Dataset extract Start Marker

text \<open>
  By the smoothness bound, a sign step of length \<open>\<delta> k\<close> decreases \<open>f\<close> by at least
  \<open>\<delta> k * l1norm (g (x k))\<close>, up to \<open>2 * \<delta> k\<close> times the mass of \<open>\<bar>g (x k) $ i\<bar>\<close> on the
  coordinates whose sign is wrong, and up to the curvature term \<open>\<delta> k ^ 2 * l1norm L / 2\<close>.
  As \<open>\<bar>g (x k) $ i\<bar>\<close> is a function of \<open>x k\<close>, in expectation the wrong-sign indicator may be
  replaced by its conditional probability given \<open>x k\<close>, which the hypothesis controls by \<open>\<xi> k\<close>.
  Telescoping from \<open>C\<close> to \<open>K\<close> against \<open>f \<ge> fstar\<close> bounds the \<open>l1\<close>-gradients weighted by the
  smallest step; for \<open>\<delta> k = d / sqrt k\<close> and \<open>\<xi> k = \<kappa> / sqrt k\<close> the remaining sums are
  harmonic, hence at most \<open>ln K + 1\<close>. All expectations exist since smoothness and
  \<open>f \<ge> fstar\<close> give \<open>\<bar>g y $ i\<bar> \<le> f y - fstar + L $ i / 2\<close>, so integrability of \<open>f (x k)\<close>
  propagates along the iteration.
\<close>

definition coordinatewise_smooth ::
    "(real^'n \<Rightarrow> real) \<Rightarrow> (real^'n \<Rightarrow> real^'n) \<Rightarrow> real^'n \<Rightarrow> bool" where
  "coordinatewise_smooth f g L \<longleftrightarrow>
     (\<forall>y z. \<bar>f z - f y - g y \<bullet> (z - y)\<bar> \<le> 1/2 * (\<Sum>i\<in>UNIV. L $ i * (z $ i - y $ i)^2))"

lemma coordinatewise_smoothD:
  "coordinatewise_smooth f g L \<Longrightarrow>
     \<bar>f z - f y - g y \<bullet> (z - y)\<bar> \<le> 1/2 * (\<Sum>i\<in>UNIV. L $ i * (z $ i - y $ i)^2)"
  unfolding coordinatewise_smooth_def by blast

lemma l1norm_nonneg: "l1norm v \<ge> 0"
  unfolding l1norm_def by (simp add: sum_nonneg)

lemma l1norm_eq_sum: "(\<And>i. v $ i \<ge> 0) \<Longrightarrow> l1norm v = (\<Sum>i\<in>UNIV. v $ i)"
  unfolding l1norm_def by simp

Dataset extract End Marker

### Assigned task
Only the count, nothing else: how many lines of the records hold the word "Longrightarrow"?

### Response to this exercise
2